Tim Daly[4] tries to find documentation criteria that include in-file
comments as well as higher level organization of needed information,
representing "the extreme" case.

  Consider Clojure's primary data structure implementation. It is
  basically an immutable, log32, red-black tree. For some people that is
  more than sufficient, especially if they have been working in the code
  base for years.
  
  For others, especially as a developer new to the project, there is a lot
  to know. Without this information it is very difficult to contribute.
  
  A new developer needs an introduction to the IDEA of immutable data
  structures with a reference to Okasaki's thesis which is online at
  http://www.cs.cmu.edu/~rwh/theses/okasaki.pdf (a bibliography).
  
  A new developer needs to know that the DESIGN of Clojure relies on these
  immutable data structures so they don't introduce any "quick and
  efficient" hacks that violate the design. (a Clojure overview)
  
  A new developer needs to know WHAT a red-black tree is, WHY it was
  chosen, and HOW Clojure maps user-visible data structures to them.  
  (the chapter on this particular data structure)
  
  A new developer needs to know the IMPLICATIONS of the choice of log32
  since it defines the efficiency. (the design constraints section and
  the algorithmic analysis section)
  
  A new developer needs to know HOW to update a log32 immutable red-black
  tree.  (a pseudocode explanation with pictures)
  
  A new developer needs to know HOW the log32 red-black tree is
  implemented.  It is not immediately obvious how the 5-bit chunks are
  mapped into a 32 bit word. If the task was to re-implement it on a 64
  bit word they'd have to know the details to understand the code.  (the
  actual code with explanations of the variables)
  
  If the new developer's task is to modify the code for a 64 bit
  architecture they would need a way to find the code (the table of
  contents) and places where this information is mentioned (an index). 
  All of the places where it is written need to be properly updated.
  
  Even if we focus strictly on what a new developer needs to know
  we end up with something that smells a lot like a book.

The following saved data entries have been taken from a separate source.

lemma corresponding_maximals_containing:
  assumes "group G" "finite (carrier G)" "irredundant_gen_seq G s" "g \<in> carrier G"
    and "\<And>i. i < length s \<Longrightarrow> generate G (set (s[i := g])) \<noteq> carrier G"
  obtains Ms where "corresponding_maximals G s Ms" "\<And>i. i < length s \<Longrightarrow> g \<in> Ms ! i"
proof -
  interpret group G by fact
  have upd_G: "set (s[i := g]) \<subseteq> carrier G" for i
    using assms(3,4) unfolding irredundant_gen_seq_def by (simp add: set_update_subsetI)
  have maximal_above:
    "\<exists>M. maximal_subgroup M G \<and> generate G (set (s[i := g])) \<subseteq> M" if i: "i < length s" for i
  proof -
    obtain M where "maximal_subgroup M G" "generate G (set (s[i := g])) \<subseteq> M"
      using exists_maximal_subgroup[OF assms(2) generate_is_subgroup[OF upd_G] assms(5)[OF i]] .
    then show ?thesis by blast
  qed
  define M where "M i = (SOME M. maximal_subgroup M G \<and> generate G (set (s[i := g])) \<subseteq> M)" for i
  have M: "maximal_subgroup (M i) G" "generate G (set (s[i := g])) \<subseteq> M i" if "i < length s" for i
    unfolding M_def using someI_ex[OF maximal_above[OF that]] by blast+
  have upd: "set (s[i := g]) = insert g (others s i)" if "i < length s" for i
    using set_list_update_eq_insert_others[OF that] .
  show ?thesis
  proof
    have "generate G (others s i) \<subseteq> M i" if "i < length s" for i
      using mono_generate[of "others s i" "set (s[i := g])"] upd[OF that] M(2)[OF that] by blast
    then show "corresponding_maximals G s (map M [0..<length s])"
      unfolding corresponding_maximals_def using M(1) by simp
    show "g \<in> map M [0..<length s] ! i" if "i < length s" for i
      using M(2)[OF that] generate.incl[of g "set (s[i := g])" G] upd[OF that] that by auto
  qed
qed

theorem proposition3p2:
  fixes G :: "('a, 'b) monoid_scheme" and s :: "'a list" and k :: nat
  assumes "group G" and "finite (carrier G)"
    and "k = length s" and "k \<le> m_len G"
    and "irredundant_gen_seq G s"
    and "\<forall>Ms. corresponding_maximals G s Ms \<and> general_position G Ms \<longrightarrow>
           (\<exists>r < k. Ms ! r = generate G (others s r)
                  \<and> m_len (G\<lparr>carrier := Ms ! r\<rparr>) = k - 1
                  \<and> group_replacement (G\<lparr>carrier := Ms ! r\<rparr>))"
  shows "seq_replacement G s"
  unfolding seq_replacement_def
proof (intro ballI impI, rule ccontr)
  fix g assume g: "g \<in> carrier G" "g \<noteq> \<one>\<^bsub>G\<^esub>"
    and no_update: "\<not> (\<exists>i < length s. generate G (set (s[i := g])) = carrier G)"
  then obtain Ms where cm: "corresponding_maximals G s Ms"
    and g_in: "\<And>i. i < length s \<Longrightarrow> g \<in> Ms ! i"
    using corresponding_maximals_containing[OF assms(1,2,5)] by blast
  then obtain r where r: "r < k" "Ms ! r = generate G (others s r)"
    "m_len (G\<lparr>carrier := Ms ! r\<rparr>) = k - 1" "group_replacement (G\<lparr>carrier := Ms ! r\<rparr>)"
    using assms(6) corresponding_maximals_general_position[OF assms(1,5)] by blast
  have "\<exists>i < length s. generate G (set (s[i := g])) = carrier G"
    using generating_update_if_others_replacement[OF assms(1,5)] r g g_in[of r] assms(3) by auto
  with no_update show False ..
qed

end
lemma index_circuit_mat_diag_circuit:
  assumes U: "U \<in> carrier_mat (2 ^ n) (2 ^ n)" and ij: "i < 2 ^ n" "j < 2 ^ n"
  shows "circuit_mat (n + (n + 3)) U (diag_circuit n) $$ (i, j) = (if i = j then U $$ (i, 0) else 0)"
proof -
  let ?m = "n + (n + 3)"
  let ?N = "2 ^ ?m :: nat" and ?flip = "flip_bit (2 * n)" and ?copy = "copy_low_bits n n"
  let ?X = "perm_mat ?N ?flip" and ?Q = "gate_mat ?m U (query_gate n)"
  have flip: "?flip k < ?N \<and> ?flip (?flip k) = k" if "k < ?N" for k
    using that by (auto simp: less_power2_iff_bits bit_flip_bit_iff intro: bit_eqI)
  have Q: "?Q \<in> carrier_mat ?N ?N"
    by (rule gate_mat_carrier_mat)
  have ij_less: "i < ?N" "j < ?N" and copy_less: "?copy i < ?N"
    using ij by (auto simp: copy_low_bits_def bit_simps less_power2_iff_bits)
  have "circuit_mat ?m U (diag_circuit n) $$ (i, j) = (?X * (?Q * ?X)) $$ (?copy i, j)"
    unfolding circuit_mat_diag_circuit
    by (rule index_perm_mat_mult) (use ij_less copy_less Q in auto)
  also have "\<dots> = (?Q * ?X) $$ (?flip (?copy i), j)"
    by (rule index_perm_mat_mult) (use ij_less copy_less flip Q in auto)
  also have "\<dots> = ?Q $$ (?flip (?copy i), ?flip j)"
    using ij_less copy_less flip by (intro index_mult_perm_mat_involution[OF Q]) auto
  also have "\<dots> = ?Q $$ ((2 ^ n + i) * 2 ^ n + i, 2 ^ n * 2 ^ n + j)"
  proof -
    have "\<not> bit j (2 * n)"
      using ij(2) by (auto simp: less_power2_iff_bits)
    then have "?flip j = 2 ^ n * 2 ^ n + j"
      by (simp add: flip_bit_eq_add flip: power_add mult_2)
    then show ?thesis
      by (simp only: flip_bit_copy_low_bits[OF ij(1)])
  qed
  also have "\<dots> = embed ?m [2..<2 + (n + 1)] (ctrl U) $$ ((2 ^ n + i) * 2 ^ n + i, 2 ^ n * 2 ^ n + j)"
    by (simp add: query_gate_def numeral_3_eq_3)
  also have "\<dots> = (if i = j then ctrl U $$ (2 ^ n + i, 2 ^ n) else 0)"
    by (rule index_embed_upt) (use ij in auto)
  also have "\<dots> = (if i = j then U $$ (i, 0) else 0)"
    using U ij by (simp add: ctrl_def)
  finally show ?thesis .
qed

lemma block_encoding_diag_circuit:
  assumes U: "unitary_mat (2 ^ n) U"
  shows "block_encoding n (diag_of_vec (col U 0)) 1 (n + 3) 0 (circuit_mat (n + (n + 3)) U (diag_circuit n))"
proof -
  let ?V = "circuit_mat (n + (n + 3)) U (diag_circuit n)" and ?A = "diag_of_vec (col U 0)"
  have U_carrier: "U \<in> carrier_mat (2 ^ n) (2 ^ n)"
    using U by (simp add: unitary_mat_def)
  have "?A - complex_of_real 1 \<cdot>\<^sub>m top_block n ?V = 0\<^sub>m (2 ^ n) (2 ^ n)"
  proof (rule eq_matI)
    fix i j assume "i < dim_row (0\<^sub>m (2 ^ n) (2 ^ n) :: complex mat)" "j < dim_col (0\<^sub>m (2 ^ n) (2 ^ n) :: complex mat)"
    then show "(?A - complex_of_real 1 \<cdot>\<^sub>m top_block n ?V) $$ (i, j) = 0\<^sub>m (2 ^ n) (2 ^ n) $$ (i, j)"
      using U_carrier index_circuit_mat_diag_circuit[OF U_carrier, of i j]
      by (simp add: diag_of_vec_def top_block_def)
  qed (use U_carrier in \<open>simp_all add: diag_of_vec_def top_block_def\<close>)
  moreover have "unitary_mat (2 ^ (n + (n + 3))) ?V"
    using wf_diag_circuit U by (rule unitary_circuit_mat)
  moreover have "?A \<in> carrier_mat (2 ^ n) (2 ^ n)"
    using U_carrier by (simp add: diag_of_vec_def)
  ultimately show ?thesis
    by (simp add: block_encoding_def opnorm_zero_mat)
qed

theorem theorem2:
  shows "\<exists>(c_depth::nat) (c_query::nat). \<forall>n::nat. n \<ge> 1 \<longrightarrow>
     (\<exists>C. wf_circuit (n + (n + 3)) n C \<and>
          depth C \<le> c_depth * n \<and> num_queries C \<le> c_query \<and>
          (\<forall>U. unitary_mat (2^n) U \<longrightarrow>
             block_encoding n (diag_of_vec (col U 0)) 1 (n + 3) 0
               (circuit_mat (n + (n + 3)) U C)))"
proof (rule exI[of _ 4], rule exI[of _ 1], intro allI impI)
  fix n :: nat assume "n \<ge> 1"
  show "\<exists>C. wf_circuit (n + (n + 3)) n C \<and> depth C \<le> 4 * n \<and> num_queries C \<le> 1 \<and>
      (\<forall>U. unitary_mat (2 ^ n) U \<longrightarrow>
         block_encoding n (diag_of_vec (col U 0)) 1 (n + 3) 0 (circuit_mat (n + (n + 3)) U C))"
  proof (intro exI[of _ "diag_circuit n"] conjI allI impI)
    show "wf_circuit (n + (n + 3)) n (diag_circuit n)"
      by (rule wf_diag_circuit)
    show "depth (diag_circuit n) \<le> 4 * n"
      using \<open>n \<ge> 1\<close> by (simp add: depth_diag_circuit)
    show "num_queries (diag_circuit n) \<le> 1"
      by (simp add: num_queries_diag_circuit)
    fix U assume "unitary_mat (2 ^ n) U"
    then show "block_encoding n (diag_of_vec (col U 0)) 1 (n + 3) 0 (circuit_mat (n + (n + 3)) U (diag_circuit n))"
      by (rule block_encoding_diag_circuit)
  qed
qed

end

From the
  above we see the need for 

  1) a bibliography
  2) a Clojure overview
  3) a chapter focus on this data structure
  4) sections on design constraints and algorithmic analysis
  5) a section of pseudocode with pictures
  6) a section with code and details of the actual implementation
  7) a table of contents
  8) an index


[0] Val Waeselynck [email protected] Wed, 30 Apr 2014 16:08:33 -0700 
(PDT)
[1] Steve McConnell "Code Complete, Second Edition" Microsoft Press,
    Redmond, WA, USA, 2004
[2] Ronald M. Baecker and Aaron Marcus "Human factors and typography
    for more readable programs" ACM, New York, NY, USA, 1989
[3] Simon Benjamin Orion Parent "How Programmers Comment When They Think
    Nobody's Watching" Master's Thesis, University of Waterloo, Waterloo,
    Ontario, Canada 2014
[4] Tim Daly [email protected] Wed Apr 30 03:09:05 2014


-- 
You received this message because you are subscribed to the Google
Groups "Clojure" group.
To post to this group, send email to [email protected]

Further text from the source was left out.